[Entries shown Boundary: Start]

lemma sorted_tuple_moment:
  assumes k: "k1 \<in> {u..v}" "k2 \<in> {u..v}" "k3 \<in> {u..v}" "k4 \<in> {u..v}" and o: "k1 \<le> k2" "k2 \<le> k3" "k3 \<le> k4"
  shows "\<bar>expectation (tuple_prod [k1, k2, k3, k4])\<bar>
    \<le> tuple_const * (rho ^ ((k2 - k1) + (k3 - k2)) + rho ^ ((k2 - k1) + (k4 - k3)))"
proof -
  define e1 e2 e3 where "e1 = mix_rate ((k2 - k1) div 3)" and "e2 = mix_rate ((k3 - k2) div 3)"
    and "e3 = mix_rate ((k4 - k3) div 3)"
  define K where "K = cov_const * (1 + factor_bound ^ 2)"
  define c where "c = exp \<kappa> / \<kappa>"
  have e0: "0 \<le> e1" "0 \<le> e2" "0 \<le> e3" unfolding e1_def e2_def e3_def by (auto intro: mix_rate_nonneg)
  have K0: "0 \<le> K" unfolding K_def using cov_const_nonneg by simp
  have first: "\<bar>expectation (tuple_prod [k1, k2, k3, k4])\<bar> \<le> K * e1"
    using tuple_moment_first_gap[OF k o] mult_right_mono[OF _ e0(1), of cov_const K] cov_const_nonneg
    unfolding e1_def K_def by (simp add: algebra_simps)
  have later: "\<bar>expectation (tuple_prod [k1, k2, k3, k4])\<bar> \<le> K * (e2 + e3)"
    using tuple_moment_later_gaps[OF k o] mult_right_mono[OF _ e0(2), of cov_const K]
      mult_right_mono[OF _ e0(3), of "factor_bound ^ 2 * cov_const" K] cov_const_nonneg
    unfolding e2_def e3_def K_def by (simp add: algebra_simps)
  have both: "\<bar>expectation (tuple_prod [k1, k2, k3, k4])\<bar> \<le> K * (min e1 e2 + min e1 e3)"
  proof (cases "e1 \<le> e2 \<or> e1 \<le> e3")
    case True
    then have "K * e1 \<le> K * (min e1 e2 + min e1 e3)" using e0 K0 by (intro mult_left_mono) auto
    then show ?thesis using first by linarith
  next
    case False
    then show ?thesis using later by simp
  qed
  have min_le: "min (mix_rate (x div 3)) (mix_rate (y div 3)) \<le> c * rho ^ (x + y)" for x y
  proof -
    have c0: "0 \<le> c" unfolding c_def using \<kappa>_pos by simp
    have "min (mix_rate (x div 3)) (mix_rate (y div 3)) \<le> min (c * rho ^ (2 * x)) (c * rho ^ (2 * y))"
      using mix_rate_div3_le[of x] mix_rate_div3_le[of y] unfolding c_def by linarith
    also have "\<dots> = c * min (rho ^ (2 * x)) (rho ^ (2 * y))" using c0 by (simp add: min_mult_distrib_left)
    also have "\<dots> \<le> c * rho ^ (x + y)" using c0 min_rho_power_le by (intro mult_left_mono) auto
    finally show ?thesis .
  qed
  have "K * (min e1 e2 + min e1 e3) \<le> K * (c * rho ^ ((k2 - k1) + (k3 - k2)) + c * rho ^ ((k2 - k1) + (k4 - k3)))"
    unfolding e1_def e2_def e3_def using K0 min_le by (intro mult_left_mono add_mono) auto
  also have "\<dots> = tuple_const * (rho ^ ((k2 - k1) + (k3 - k2)) + rho ^ ((k2 - k1) + (k4 - k3)))"
    unfolding tuple_const_def K_def c_def using \<kappa>_pos by (simp add: field_simps)
  finally show ?thesis using both by linarith
qed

[Entries shown Boundary: End]

Nothing may be omitted. Restate all of the entries exactly.

lemma sorted_tuple_moment:
  assumes k: "k1 \<in> {u..v}" "k2 \<in> {u..v}" "k3 \<in> {u..v}" "k4 \<in> {u..v}" and o: "k1 \<le> k2" "k2 \<le> k3" "k3 \<le> k4"
  shows "\<bar>expectation (tuple_prod [k1, k2, k3, k4])\<bar>
    \<le> tuple_const * (rho ^ ((k2 - k1) + (k3 - k2)) + rho ^ ((k2 - k1) + (k4 - k3)))"
proof -
  define e1 e2 e3 where "e1 = mix_rate ((k2 - k1) div 3)" and "e2 = mix_rate ((k3 - k2) div 3)"
    and "e3 = mix_rate ((k4 - k3) div 3)"
  define K where "K = cov_const * (1 + factor_bound ^ 2)"
  define c where "c = exp \<kappa> / \<kappa>"
  have e0: "0 \<le> e1" "0 \<le> e2" "0 \<le> e3" unfolding e1_def e2_def e3_def by (auto intro: mix_rate_nonneg)
  have K0: "0 \<le> K" unfolding K_def using cov_const_nonneg by simp
  have first: "\<bar>expectation (tuple_prod [k1, k2, k3, k4])\<bar> \<le> K * e1"
    using tuple_moment_first_gap[OF k o] mult_right_mono[OF _ e0(1), of cov_const K] cov_const_nonneg
    unfolding e1_def K_def by (simp add: algebra_simps)
  have later: "\<bar>expectation (tuple_prod [k1, k2, k3, k4])\<bar> \<le> K * (e2 + e3)"
    using tuple_moment_later_gaps[OF k o] mult_right_mono[OF _ e0(2), of cov_const K]
      mult_right_mono[OF _ e0(3), of "factor_bound ^ 2 * cov_const" K] cov_const_nonneg
    unfolding e2_def e3_def K_def by (simp add: algebra_simps)
  have both: "\<bar>expectation (tuple_prod [k1, k2, k3, k4])\<bar> \<le> K * (min e1 e2 + min e1 e3)"
  proof (cases "e1 \<le> e2 \<or> e1 \<le> e3")
    case True
    then have "K * e1 \<le> K * (min e1 e2 + min e1 e3)" using e0 K0 by (intro mult_left_mono) auto
    then show ?thesis using first by linarith
  next
    case False
    then show ?thesis using later by simp
  qed
  have min_le: "min (mix_rate (x div 3)) (mix_rate (y div 3)) \<le> c * rho ^ (x + y)" for x y
  proof -
    have c0: "0 \<le> c" unfolding c_def using \<kappa>_pos by simp
    have "min (mix_rate (x div 3)) (mix_rate (y div 3)) \<le> min (c * rho ^ (2 * x)) (c * rho ^ (2 * y))"
      using mix_rate_div3_le[of x] mix_rate_div3_le[of y] unfolding c_def by linarith
    also have "\<dots> = c * min (rho ^ (2 * x)) (rho ^ (2 * y))" using c0 by (simp add: min_mult_distrib_left)
    also have "\<dots> \<le> c * rho ^ (x + y)" using c0 min_rho_power_le by (intro mult_left_mono) auto
    finally show ?thesis .
  qed
  have "K * (min e1 e2 + min e1 e3) \<le> K * (c * rho ^ ((k2 - k1) + (k3 - k2)) + c * rho ^ ((k2 - k1) + (k4 - k3)))"
    unfolding e1_def e2_def e3_def using K0 min_le by (intro mult_left_mono add_mono) auto
  also have "\<dots> = tuple_const * (rho ^ ((k2 - k1) + (k3 - k2)) + rho ^ ((k2 - k1) + (k4 - k3)))"
    unfolding tuple_const_def K_def c_def using \<kappa>_pos by (simp add: field_simps)
  finally show ?thesis using both by linarith
qed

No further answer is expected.